What to work on –
Among the lines below, keep only those from the one containing "(refl_idx m i)" through the one containing "3-periodic solution 1, -2, 1, 1, -2, 1, ...;", and reproduce them exactly.
....
(* Let $F=\frac19\begin{pmatrix}1&1&1\\1&1&1\\1&1&1\end{pmatrix}$ (box blur filter). Then the equation $F*X=B$ with the reflexive boundary condition, for unknown $X\in\mathbb{R}^{m\times n}$, has a unique solution for every $B\in\mathbb{R}^{m\times n}$ if and only if $m,n\notin\{3l: l\in\mathbb{N}\}$.
   Context: $\mathbb{N}=\{1,2,3,\dots\}$. For $F=[f_{ij}]\in\mathbb{R}^{3\times3}$ and $X=[x_{ij}]\in\mathbb{R}^{m\times n}$, the convolution $F*X\in\mathbb{R}^{m\times n}$ is defined by $[F*X]_{ij}=\sum_{l_1=1}^3\sum_{l_2=1}^3 f_{l_1l_2}\,x_{i-l_1+2,\,j-l_2+2}$ for $1\le i\le m$, $1\le j\le n$, where the reflexive boundary condition sets $x_{0j}=x_{1j}$, $x_{m+1,j}=x_{mj}$, $x_{i0}=x_{i1}$, $x_{i,n+1}=x_{in}$ (for all indices $i\in\{0,\dots,m+1\}$, $j\in\{0,\dots,n+1\}$, so corners are also determined, e.g. $x_{00}=x_{11}$). *)

theory Defs
  imports "HOL-Analysis.Analysis"
begin

text \<open>An m x n real matrix is represented as a function nat => nat => real with
  1-based indices, vanishing outside {1..m} x {1..n}.\<close>
definition matrices :: "nat \<Rightarrow> nat \<Rightarrow> (nat \<Rightarrow> nat \<Rightarrow> real) set" where
  "matrices m n = {X. \<forall>i j. (i \<notin> {1..m} \<or> j \<notin> {1..n}) \<longrightarrow> X i j = 0}"

text \<open>Reflexive boundary condition: index 0 maps to 1, index m+1 maps to m.
  Indices are taken as integers (i - l1 + 2 may be 0).\<close>
definition refl_idx :: "nat \<Rightarrow> int \<Rightarrow> nat" where
  "refl_idx m i = (if i < 1 then 1 else if i > int m then m else nat i)"

definition refl_ext :: "nat \<Rightarrow> nat \<Rightarrow> (nat \<Rightarrow> nat \<Rightarrow> real) \<Rightarrow> int \<Rightarrow> int \<Rightarrow> real" where
  "refl_ext m n X i j = X (refl_idx m i) (refl_idx n j)"

definition conv_refl :: "(nat \<Rightarrow> nat \<Rightarrow> real) \<Rightarrow> nat \<Rightarrow> nat \<Rightarrow> (nat \<Rightarrow> nat \<Rightarrow> real) \<Rightarrow> (nat \<Rightarrow> nat \<Rightarrow> real)" where
  "conv_refl F m n X = (\<lambda>i j. if i \<in> {1..m} \<and> j \<in> {1..n} then
      (\<Sum>l1\<in>{1..3::nat}. \<Sum>l2\<in>{1..3::nat}.
         F l1 l2 * refl_ext m n X (int i - int l1 + 2) (int j - int l2 + 2))
    else 0)"

definition box_blur :: "nat \<Rightarrow> nat \<Rightarrow> real" where
  "box_blur l1 l2 = (if l1 \<in> {1..3} \<and> l2 \<in> {1..3} then 1/9 else 0)"

end

theory Submission
  imports Defs
begin

text \<open>The box blur is separable: up to the factor 1/9 it is the one-dimensional reflexive
  three-point sum x(i-1) + x(i) + x(i+1) applied along both indices, so it is bijective iff both
  one-dimensional operators are. In one dimension, rows 1, ..., m-1 of the system determine a
  solution from its first entry by a forward recurrence, and the homogeneous recurrence has the
  3-periodic solution 1, -2, 1, 1, -2, 1, ...; this sequence satisfies the last row exactly when
  3 divides m. So for 3 | m it spans a kernel; otherwise the operator is injective, and surjective
  because the last row can be fixed by adding a suitable multiple of it to a forward solution.\<close>

definition refl_sum3 :: "nat \<Rightarrow> (nat \<Rightarrow> real) \<Rightarrow> nat \<Rightarrow> real" where
  "refl_sum3 m x i = (\<Sum>l\<in>{1..3::nat}. x (refl_idx m (int i - int l + 2)))"

lemma refl_sum3_eq:
  assumes "1 \<le> i" "i \<le> m"
  shows "refl_sum3 m x i =
    x (if i = 1 then 1 else i - 1) + x i + x (if i = m then m else i + 1)"
proof -
  have "{1..3::nat} = {1, 2, 3}" by auto
  moreover have "refl_idx m (int i - 1 + 2) = (if i = m then m else i + 1)"
    and "refl_idx m (int i - 2 + 2) = i"
    and "refl_idx m (int i - 3 + 2) = (if i = 1 then 1 else i - 1)"
    using assms by (auto simp: refl_idx_def nat_diff_distrib)
  ultimately show ?thesis
    unfolding refl_sum3_def by (simp add: algebra_simps)
qed

lemma refl_sum3_cong:
  assumes "\<forall>k\<in>{1..m}. x k = y k" "i \<in> {1..m}"
  shows "refl_sum3 m x i = refl_sum3 m y i"
proof -
  have "i - 1 \<in> {1..m}" if "i \<noteq> 1" using assms that by auto
  moreover have "i + 1 \<in> {1..m}" if "i \<noteq> m" using assms that by auto
  ultimately show ?thesis using assms by (auto simp: refl_sum3_eq)
qed

lemma refl_sum3_add: "refl_sum3 m (\<lambda>k. x k + y k) i = refl_sum3 m x i + refl_sum3 m y i"
  unfolding refl_sum3_def by (rule sum.distrib)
....
Answer to the exercise –
  "refl_ext m n X i j = X (refl_idx m i) (refl_idx n j)"

definition conv_refl :: "(nat \<Rightarrow> nat \<Rightarrow> real) \<Rightarrow> nat \<Rightarrow> nat \<Rightarrow> (nat \<Rightarrow> nat \<Rightarrow> real) \<Rightarrow> (nat \<Rightarrow> nat \<Rightarrow> real)" where
  "conv_refl F m n X = (\<lambda>i j. if i \<in> {1..m} \<and> j \<in> {1..n} then
      (\<Sum>l1\<in>{1..3::nat}. \<Sum>l2\<in>{1..3::nat}.
         F l1 l2 * refl_ext m n X (int i - int l1 + 2) (int j - int l2 + 2))
    else 0)"

definition box_blur :: "nat \<Rightarrow> nat \<Rightarrow> real" where
  "box_blur l1 l2 = (if l1 \<in> {1..3} \<and> l2 \<in> {1..3} then 1/9 else 0)"

end

theory Submission
  imports Defs
begin

text \<open>The box blur is separable: up to the factor 1/9 it is the one-dimensional reflexive
  three-point sum x(i-1) + x(i) + x(i+1) applied along both indices, so it is bijective iff both
  one-dimensional operators are. In one dimension, rows 1, ..., m-1 of the system determine a
  solution from its first entry by a forward recurrence, and the homogeneous recurrence has the
  3-periodic solution 1, -2, 1, 1, -2, 1, ...; this sequence satisfies the last row exactly when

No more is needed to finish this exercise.